From the perspective of the US Federal Government being able to spend .... NOTHING. It would still credit private sector bank accounts at the Federal Reserve (move numbers in a spreadsheet) just like it does today. But it would stop doing the additional step of issuing bonds as it did the crediting.

This would mean that reserves would build up in the banking system and competition for reserves would become very small, pushing the overnight rate to zero (just like it is right now with the current level of excess reserves). So basically nothing would happen that isn't already happening in the banking system.

In fact, the US Government doesn't have to void all the current bonds. Just stop issuing new ones. The old ones will then expire at maturity and the whole US Government bond system will just gradually go away over the next 3 decades (however the average bond duration held by the non-government sector is something like 6 years so it would lose relevance much sooner in actuality).

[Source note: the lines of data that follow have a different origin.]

lemma eta_Uglov_surj:
  assumes e: "0 < e" and r: "0 < r" and d: "d \<in> configm e"
  shows "\<exists>c\<in>configm r. eta e (Uglov e r c) = d"
proof -
  define Z where "Z k = interleave e (\<lambda>i. slice r (r - 1 - k) (beta_comp d i))" for k
  have "is_beta_set (Z k)" for k
    unfolding is_beta_set_iff_slices[OF e, of "Z k"]
  proof (intro allI impI)
    fix i assume "i < e"
    then show "is_beta_set (slice e i (Z k))"
      using is_beta_set_beta_comp[OF d] is_beta_set_iff_slices[OF r, of "beta_comp d i"] r
      by (simp add: Z_def slice_interleave)
  qed
  then have c: "config_of r Z \<in> configm r" and comps: "\<And>k. k < r \<Longrightarrow> beta_comp (config_of r Z) k = Z k"
    using config_of[of r Z] by auto
  have "transposed e r (beta_comp (config_of r Z)) (beta_comp d)"
    using transposed_interleave[of e r "beta_comp d"] r comps unfolding transposed_def Z_def by simp
  then have "beta_comp (eta e (Uglov e r (config_of r Z))) i = beta_comp d i" if "i < e" for i
    using transposed_right_unique[OF r eta_Uglov_transposed(2)[OF e r c] _ that] by blast
  then have "eta e (Uglov e r (config_of r Z)) = d"
    by (rule configm_eqI[OF eta_Uglov_transposed(1)[OF e r c] d])
  then show ?thesis using c by blast
qed

section \<open>Moments under transposition\<close>

lemma transposed_is_beta_set:
  assumes r: "0 < r" and tr: "transposed e r Z T" and Z: "\<And>k. k < r \<Longrightarrow> is_beta_set (Z k)"
      and i: "i < e"
  shows "is_beta_set (T i)"
  unfolding is_beta_set_iff_slices[OF r, of "T i"]
proof (intro allI impI)
  fix j assume "j < r"
  then have "is_beta_set (Z (r - 1 - j))" by (intro Z) simp
  then show "is_beta_set (slice r j (T i))"
    using tr i \<open>j < r\<close> is_beta_set_iff_slices[of e "Z (r - 1 - j)"] unfolding transposed_def
    by simp
qed

lemma transposed_sum_slices:
  assumes "transposed e r Z T" and "i < e"
  shows "(\<Sum>k<r. g (slice e i (Z k))) = (\<Sum>j<r. g (slice r j (T i)))"
proof -
  have "(\<Sum>j<r. g (slice r j (T i))) = (\<Sum>j<r. g (slice e i (Z (r - 1 - j))))"
    using assms unfolding transposed_def by simp
  also have "\<dots> = (\<Sum>k<r. g (slice e i (Z k)))"
    by (rule sum.reindex_bij_witness[where i = "\<lambda>k. r - 1 - k" and j = "\<lambda>k. r - 1 - k"]) auto
  finally show ?thesis by simp
qed

lemma sum_moment_id_by_slices:
  assumes N: "0 < N" and Z: "\<And>k. k < m \<Longrightarrow> is_beta_set (Z k)"
  shows "(\<Sum>k<m. moment (\<lambda>x. x) (Z k))
       = int N * (\<Sum>k<m. \<Sum>i<N. moment (\<lambda>x. x) (slice N i (Z k)))
         + (\<Sum>i<N. int i * (\<Sum>k<m. charge (slice N i (Z k))))"
proof -
  have "moment (\<lambda>x. x) (Z k) = (\<Sum>i<N. int N * moment (\<lambda>x. x) (slice N i (Z k))
                                     + int i * charge (slice N i (Z k)))" if k: "k < m" for k
  proof -
    have "moment (\<lambda>x. x) (Z k) = (\<Sum>i<N. moment (\<lambda>a. int N * a + int i) (slice N i (Z k)))"
      using moment_slices[OF N Z[OF k], of "\<lambda>x. x"] by (simp add: mult.commute)
    also have "\<dots> = (\<Sum>i<N. int N * moment (\<lambda>x. x) (slice N i (Z k))
                                     + int i * charge (slice N i (Z k)))"
      using Z[OF k] is_beta_set_iff_slices[OF N, of "Z k"] by (simp add: moment_affine)
    finally show ?thesis .
  qed
  then have "(\<Sum>k<m. moment (\<lambda>x. x) (Z k))
      = (\<Sum>k<m. \<Sum>i<N. int N * moment (\<lambda>x. x) (slice N i (Z k))
                         + int i * charge (slice N i (Z k)))"
    by simp
  also have "\<dots> = int N * (\<Sum>k<m. \<Sum>i<N. moment (\<lambda>x. x) (slice N i (Z k)))
         + (\<Sum>k<m. \<Sum>i<N. int i * charge (slice N i (Z k)))"
    by (simp add: sum.distrib sum_distrib_left)
  also have "(\<Sum>k<m. \<Sum>i<N. int i * charge (slice N i (Z k)))
           = (\<Sum>i<N. int i * (\<Sum>k<m. charge (slice N i (Z k))))"
    by (subst sum.swap) (simp add: sum_distrib_left)
  finally show ?thesis .
qed

context
  fixes e r :: nat and Z T :: "nat \<Rightarrow> int set"
  assumes e: "0 < e" and r: "0 < r" and tr: "transposed e r Z T"
      and Z: "\<And>k. k < r \<Longrightarrow> is_beta_set (Z k)"
begin

lemma transposed_charge_left:
  assumes i: "i < e"
  shows "(\<Sum>k<r. charge (slice e i (Z k))) = charge (T i)"
  using transposed_sum_slices[OF tr i] moment_slices[OF r transposed_is_beta_set[OF r tr Z i]]
  by simp

lemma transposed_charge_right:
  assumes j: "j < r"
  shows "(\<Sum>i<e. charge (slice r j (T i))) = charge (Z (r - 1 - j))"
proof -
  have "is_beta_set (Z (r - 1 - j))" using r by (intro Z) simp
  then show ?thesis
    using tr j moment_slices[OF e, of "Z (r - 1 - j)" "\<lambda>_. 1"] unfolding transposed_def by simp
qed

lemma transposed_moment_res_left:
  "i < e \<Longrightarrow> (\<Sum>k<r. moment (res_ind e i) (Z k)) = charge (T i)"
  using transposed_charge_left Z by (simp add: moment_res_ind)

lemma transposed_moment_res_right:
  assumes "j < r"
  shows "(\<Sum>i<e. moment (res_ind r j) (T i)) = charge (Z (r - 1 - j))"
  using transposed_charge_right[OF assms] transposed_is_beta_set[OF r tr Z] assms
  by (simp add: moment_res_ind)

lemma transposed_moment_id:
  "int r * (\<Sum>k<r. moment (\<lambda>x. x) (Z k)) - int e * (\<Sum>i<e. moment (\<lambda>x. x) (T i))
     = int r * (\<Sum>i<e. int i * charge (T i))
       - int e * (\<Sum>k<r. int (r - 1 - k) * charge (Z k))"
proof -
  define L where "L = (\<Sum>k<r. \<Sum>i<e. moment (\<lambda>x. x) (slice e i (Z k)))"
  have left: "(\<Sum>k<r. moment (\<lambda>x. x) (Z k)) = int e * L + (\<Sum>i<e. int i * charge (T i))"
    using sum_moment_id_by_slices[where m = r and Z = Z, OF e Z] by (simp add: L_def transposed_charge_left)
  have "(\<Sum>i<e. \<Sum>j<r. moment (\<lambda>x. x) (slice r j (T i))) = L"
    unfolding L_def by (subst sum.swap) (simp add: transposed_sum_slices[OF tr])
  moreover have "(\<Sum>j<r. int j * charge (Z (r - 1 - j)))
      = (\<Sum>k<r. int (r - 1 - k) * charge (Z k))"
    by (rule sum.reindex_bij_witness[where i = "\<lambda>k. r - 1 - k" and j = "\<lambda>k. r - 1 - k"]) auto
  ultimately have right: "(\<Sum>i<e. moment (\<lambda>x. x) (T i))
      = int r * L + (\<Sum>k<r. int (r - 1 - k) * charge (Z k))"
    using sum_moment_id_by_slices[where m = e and Z = T, OF r transposed_is_beta_set[OF r tr Z]]
    by (simp add: transposed_charge_right)
  show ?thesis unfolding left right by (simp add: algebra_simps)
qed

end

lemma transposed_moment_conditions_iff:
  assumes e: "0 < e" and r: "0 < r"
      and tr: "transposed e r Z T" and tr': "transposed e r Z' T'"
      and Z: "\<And>k. k < r \<Longrightarrow> is_beta_set (Z k)" and Z': "\<And>k. k < r \<Longrightarrow> is_beta_set (Z' k)"
  shows "(\<forall>k<r. charge (Z k) = charge (Z' k))
         \<and> (\<Sum>k<r. moment (\<lambda>x. x) (Z k)) = (\<Sum>k<r. moment (\<lambda>x. x) (Z' k))
         \<and> (\<forall>i<e. (\<Sum>k<r. moment (res_ind e i) (Z k)) = (\<Sum>k<r. moment (res_ind e i) (Z' k)))
     \<longleftrightarrow> (\<forall>i<e. charge (T i) = charge (T' i))
         \<and> (\<Sum>i<e. moment (\<lambda>x. x) (T i)) = (\<Sum>i<e. moment (\<lambda>x. x) (T' i))
         \<and> (\<forall>j<r. (\<Sum>i<e. moment (res_ind r j) (T i)) = (\<Sum>i<e. moment (res_ind r j) (T' i)))"
  (is "?chargeZ \<and> ?sizeZ \<and> ?resZ \<longleftrightarrow> ?chargeT \<and> ?sizeT \<and> ?resT")
proof -
  have "?resZ \<longleftrightarrow> ?chargeT"
    by (simp add: transposed_moment_res_left[OF e r tr Z] transposed_moment_res_left[OF e r tr' Z'])
  moreover have "?resT \<longleftrightarrow> ?chargeZ"
  proof -
    have "?resT \<longleftrightarrow> (\<forall>j<r. charge (Z (r - 1 - j)) = charge (Z' (r - 1 - j)))"
      by (simp add: transposed_moment_res_right[OF e r tr Z] transposed_moment_res_right[OF e r tr' Z'])
    also have "\<dots> \<longleftrightarrow> ?chargeZ"
    proof
      assume reflected: "\<forall>j<r. charge (Z (r - 1 - j)) = charge (Z' (r - 1 - j))"
      show ?chargeZ
      proof (intro allI impI)
        fix k assume "k < r"
        then show "charge (Z k) = charge (Z' k)"
          using reflected[rule_format, of "r - 1 - k"] by simp
      qed
    qed simp
    finally show ?thesis .
  qed
  moreover have "?sizeZ \<longleftrightarrow> ?sizeT" if ?chargeZ ?chargeT
  proof -
    have "(\<Sum>i<e. int i * charge (T i)) = (\<Sum>i<e. int i * charge (T' i))"
      "(\<Sum>k<r. int (r - 1 - k) * charge (Z k)) = (\<Sum>k<r. int (r - 1 - k) * charge (Z' k))"
      using that by simp_all
    then have "int r * ((\<Sum>k<r. moment (\<lambda>x. x) (Z k)) - (\<Sum>k<r. moment (\<lambda>x. x) (Z' k)))
             = int e * ((\<Sum>i<e. moment (\<lambda>x. x) (T i)) - (\<Sum>i<e. moment (\<lambda>x. x) (T' i)))"
      using transposed_moment_id[OF e r tr Z] transposed_moment_id[OF e r tr' Z']
      by (simp add: algebra_simps)
    then show ?thesis using e r by auto
  qed
  ultimately show ?thesis by blast
qed

lemma block_rel_iff_moments:
  assumes N: "0 < N" and c: "c \<in> configm m" and d: "d \<in> configm m"
  shows "block_rel N c d \<longleftrightarrow>
           (\<forall>k<m. charge (beta_comp c k) = charge (beta_comp d k))
         \<and> (\<Sum>k<m. moment (\<lambda>x. x) (beta_comp c k)) = (\<Sum>k<m. moment (\<lambda>x. x) (beta_comp d k))
         \<and> (\<forall>j<N. (\<Sum>k<m. moment (res_ind N j) (beta_comp c k))
                 = (\<Sum>k<m. moment (res_ind N j) (beta_comp d k)))"
proof -
  obtain ls ss ls' ss' where cd: "c = (ls, ss)" "d = (ls', ss')" by fastforce
  have len: "length ls = m" "length ss = m" "length ls' = m" "length ss' = m"
    using c d cd by (auto simp: configm_def)
  have px: "is_partition (ls ! k)" "is_partition (ls' ! k)" if "k < m" for k
    using configm_is_partition[OF c that] configm_is_partition[OF d that] cd by auto
  have "(\<forall>k<m. charge (beta_comp c k) = charge (beta_comp d k)) \<longleftrightarrow> ss = ss'"
    using len px cd by (auto simp: beta_comp_def moment_one_beta_set intro: nth_equalityI)
  moreover have "(\<Sum>k<m. moment f (beta_comp c k)) = (\<Sum>k<m. moment f (beta_comp d k))
      \<longleftrightarrow> (\<Sum>k<m. displacement f (ss ! k) (ls ! k)) = (\<Sum>k<m. displacement f (ss ! k) (ls' ! k))"
    if "ss = ss'" for f
    using px cd that by (simp add: beta_comp_def moment_beta_set sum.distrib)
  moreover have "msize ls = msize ls'
      \<longleftrightarrow> (\<Sum>k<m. displacement (\<lambda>x. x) (ss ! k) (ls ! k)) = (\<Sum>k<m. displacement (\<lambda>x. x) (ss ! k) (ls' ! k))"
    using msize_eq_sum[of ls] msize_eq_sum[of ls'] len by (simp add: displacement_id) (metis of_nat_eq_iff)
  ultimately show ?thesis
    using block_rel_iff_displacements[OF N, of ls ls' ss] len cd by (auto simp: block_rel_def)
qed

lemma block_rel_eta_Uglov_iff:
  assumes e: "0 < e" and r: "0 < r" and c: "c \<in> configm r" and d: "d \<in> configm r"
  shows "block_rel e c d \<longleftrightarrow> block_rel r (eta e (Uglov e r c)) (eta e (Uglov e r d))"
  unfolding block_rel_iff_moments[OF e c d]
    block_rel_iff_moments[OF r eta_Uglov_transposed(1)[OF e r c] eta_Uglov_transposed(1)[OF e r d]]
  by (rule transposed_moment_conditions_iff[OF e r eta_Uglov_transposed(2)[OF e r c]
        eta_Uglov_transposed(2)[OF e r d]]) (simp_all add: is_beta_set_beta_comp[OF c] is_beta_set_beta_comp[OF d])

theorem corollary2p14:
  fixes e r :: nat and c :: "nat list list \<times> int list"
  assumes "2 \<le> e" and "2 \<le> r" and "c \<in> configm r"
  shows "bij_betw (eta e \<circ> Uglov e r) (block e r c) (block r e (eta e (Uglov e r c)))"
proof -
  have e: "0 < e" and r: "0 < r" using assms(1,2) by simp_all
  have "inj_on (eta e \<circ> Uglov e r) (block e r c)"
    using eta_Uglov_inj[OF e r] by (intro inj_onI) (simp add: block_def)
  moreover have "(eta e \<circ> Uglov e r) ` block e r c = block r e (eta e (Uglov e r c))"
  proof (intro set_eqI iffI)
    fix y assume "y \<in> (eta e \<circ> Uglov e r) ` block e r c"
    then show "y \<in> block r e (eta e (Uglov e r c))"
      using block_rel_eta_Uglov_iff[OF e r assms(3)] eta_Uglov_transposed(1)[OF e r]
      by (auto simp: block_def)
  next
    fix y assume y: "y \<in> block r e (eta e (Uglov e r c))"
    then obtain d where d: "d \<in> configm r" "eta e (Uglov e r d) = y"
      using eta_Uglov_surj[OF e r, of y] by (auto simp: block_def)
    then have "d \<in> block e r c"
      using y block_rel_eta_Uglov_iff[OF e r assms(3) d(1)] by (simp add: block_def)
    then show "y \<in> (eta e \<circ> Uglov e r) ` block e r c" using d(2) by force
  qed
  ultimately show ?thesis by (simp add: bij_betw_def)
qed

end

At sometime in the future, if the Federal Reserve wanted a non-zero Fed Funds Rate, it could just start paying a remuneration rate on all reserves held at the Fed. That would become the new interest rate floor, and the unnecessary song and dance of OMO could be avoided altogether.

The Private sector would come up with some new benchmark (instead of the 10 year and 30 year US Treasury bonds) to price longer term loans (corporate loans, mortgages, etc.).

When you follow this logic all the way through, you come to this very simple and inescapable conclusion:

The US Federal Government does not need the US Federal Government Bond Market (Primary Dealers, Secondary Dealers, PIMCO, etc.) to provide it with funds, IT IS OTHER WAY AROUND!!

All of these political stunts about not raising the debt ceiling are a literal waste of time. All of this analysis about US going the way of Greece (which is a currency *user* of the Euro, not a currency *issuer*) is a waste of time.

We have real problems to talk about and to deal with (unemployment, competitiveness, education, etc.), and we are wasting a great amount of time and energy talking about a non-issue (the debt ceiling, possible US Government 'insolvency', US Bonds rates 'skyrocketing', etc.). I suggest we stop.


2 comments:

Mario said...

this is incredibly well done. For this to hit the Motley Fool is no small accomplishment. Lots of regular Joe monetarists through the country are going to read that. Waaaay cool.

My only question is in regards to this:

The Private sector would come up with some new benchmark (instead of the 10 year and 30 year US Treasury bonds) to price longer term loans (corporate loans, mortgages, etc.).

what new benchmark would this be?

GLH said...

Thanks for reprinting that. I hadn't read it before this. I sent it to some friends, one of which I know watches Fox news.